DATA RECORDS section start
(* Let $0<a<1$ and let $(\mathbf X_j)_{j\ge0}$ be the persistent random walk on $\mathbb Z$ with persistence parameter $a$ started at $\mathbf X_0=0$. Let $\mathbf L:=\inf\{j\ge1:\mathbf X_j=0\}$, let $\mathbf R,\mathbf V$ be the numbers of runs and short runs of the excursion path $\mathbf X_0,\dots,\mathbf X_{\mathbf L}$, and $\mathbf H:=\max\{|\mathbf X_j|:1\le j\le\mathbf L\}$. For $N\ge1$ let $K_N(a):=E\{r^{\mathbf R}y^{\mathbf V}z^{\mathbf L}\mid\mathbf X_0=0,\ \mathbf H\le N\}$. Then for all $N\ge1$, $$K_N(a)=\frac{N-(N-1)a}{N}\cdot\frac{r^2z^2\,q^*_N(a)}{w^*_N(a)},$$ as an identity of formal power series in $z$ with coefficients polynomial in $r,y$ (the right side being expanded in powers of $z$; note $w^*_N(a)=1$ at $z=0$).
   Context: Persistent random walk with parameter $a$: increments $\varepsilon_j\in\{\pm1\}$, $P(\varepsilon_1=\pm1)=\frac12$, and for $j\ge1$ the next increment equals the previous with probability $a$, reversed with probability $1-a$. A run of a nearest-neighbour path is a maximal block of consecutive steps all $+1$ or all $-1$; a short run is a run of one step. Define $\omega_a:=1-(1-a)^2r^2y^2z^2$, $\tau_a:=1+(1-a)^2r^2z^2y(1-y)$, $x_a:=a^2z^2\tau_a^2$, $\beta_a:=1+z^2(a^2-(1-a)^2r^2(y^2+a^2(1-y)^2z^2))$; $w^*_0(a):=(\beta_a-\omega_a)/x_a$, $w^*_1(a):=1$, $w^*_{n+1}(a):=\beta_aw^*_n(a)-x_aw^*_{n-1}(a)$ ($n\ge1$); $q^*_0(a):=-(1-y)(1+y+(1-a)^2r^2y^2z^2(1-y))/\tau_a^2$, $q^*_1(a):=y^2$, $q^*_{n+1}(a):=\beta_aq^*_n(a)-x_aq^*_{n-1}(a)$ ($n\ge1$). *)

theory Defs
  imports "HOL-Computational_Algebra.Formal_Power_Series"
begin

text \<open>A finite increment sequence eps_1..eps_n is an int list with entries in {-1,1}.\<close>

definition path_prob :: "real \<Rightarrow> int list \<Rightarrow> real" where
  "path_prob a es =
     (if es = [] then 1
      else (1/2) * (\<Prod>j<length es - 1. if es ! Suc j = es ! j then a else 1 - a))"

definition walk :: "int list \<Rightarrow> nat \<Rightarrow> int" where
  "walk es k = sum_list (take k es)"

definition exc_paths :: "nat \<Rightarrow> nat \<Rightarrow> int list set" where
  "exc_paths n N = {es. length es = n \<and> set es \<subseteq> {-1, 1} \<and> 1 \<le> n \<and>
       walk es n = 0 \<and> (\<forall>k\<in>{1..<n}. walk es k \<noteq> 0) \<and>
       (\<forall>k\<in>{1..n}. \<bar>walk es k\<bar> \<le> int N)}"

fun runs :: "'a list \<Rightarrow> 'a list list" where
  "runs [] = []"
| "runs (x # xs) =
     (case runs xs of
        [] \<Rightarrow> [[x]]
      | r # rs \<Rightarrow> (if hd r = x then (x # r) # rs else [x] # r # rs))"

definition num_runs :: "'a list \<Rightarrow> nat" where
  "num_runs es = length (runs es)"

definition num_short_runs :: "'a list \<Rightarrow> nat" where
  "num_short_runs es = length (filter (\<lambda>b. length b = 1) (runs es))"

definition prob_H_le :: "real \<Rightarrow> nat \<Rightarrow> real" where
  "prob_H_le a N = (\<Sum>n. \<Sum>es\<in>exc_paths n N. path_prob a es)"

text \<open>K_N(a) = E[r^R y^V z^L | H \<le> N] as a formal power series in z:
  the coefficient of z^n is E[r^R y^V; L = n, H \<le> N] / P(H \<le> N).\<close>
definition K_fps :: "real \<Rightarrow> real \<Rightarrow> real \<Rightarrow> nat \<Rightarrow> real fps" where
  "K_fps a r y N = Abs_fps (\<lambda>n.
     (\<Sum>es\<in>exc_paths n N. path_prob a es * r ^ num_runs es * y ^ num_short_runs es)
       / prob_H_le a N)"

definition omega_a :: "real \<Rightarrow> real \<Rightarrow> real \<Rightarrow> real fps" where
  "omega_a a r y = 1 - fps_const ((1 - a)^2 * r^2 * y^2) * fps_X^2"

definition tau_a :: "real \<Rightarrow> real \<Rightarrow> real \<Rightarrow> real fps" where
  "tau_a a r y = 1 + fps_const ((1 - a)^2 * r^2) * fps_X^2 * fps_const (y * (1 - y))"

definition x_a :: "real \<Rightarrow> real \<Rightarrow> real \<Rightarrow> real fps" where
  "x_a a r y = fps_const (a^2) * fps_X^2 * (tau_a a r y)^2"

definition beta_a :: "real \<Rightarrow> real \<Rightarrow> real \<Rightarrow> real fps" where
  "beta_a a r y = 1 + fps_X^2 * (fps_const (a^2) - fps_const ((1 - a)^2 * r^2) *
      (fps_const (y^2) + fps_const (a^2 * (1 - y)^2) * fps_X^2))"

fun w_star :: "real \<Rightarrow> real \<Rightarrow> real \<Rightarrow> nat \<Rightarrow> real fps" where
  "w_star a r y 0 = (beta_a a r y - omega_a a r y) / x_a a r y"
| "w_star a r y (Suc 0) = 1"
| "w_star a r y (Suc (Suc n)) =
     beta_a a r y * w_star a r y (Suc n) - x_a a r y * w_star a r y n"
DATA RECORDS section end
REQUIRED ACTION -> Reproduce the lines above, beginning at the line with "N = Abs_fps (\<lambda>n." and stopping after the line with "1 + fps_const", exactly as they are.

TASK SOLUTION ->
  "K_fps a r y N = Abs_fps (\<lambda>n.
     (\<Sum>es\<in>exc_paths n N. path_prob a es * r ^ num_runs es * y ^ num_short_runs es)
       / prob_H_le a N)"

definition omega_a :: "real \<Rightarrow> real \<Rightarrow> real \<Rightarrow> real fps" where
  "omega_a a r y = 1 - fps_const ((1 - a)^2 * r^2 * y^2) * fps_X^2"

definition tau_a :: "real \<Rightarrow> real \<Rightarrow> real \<Rightarrow> real fps" where
  "tau_a a r y = 1 + fps_const ((1 - a)^2 * r^2) * fps_X^2 * fps_const (y * (1 - y))"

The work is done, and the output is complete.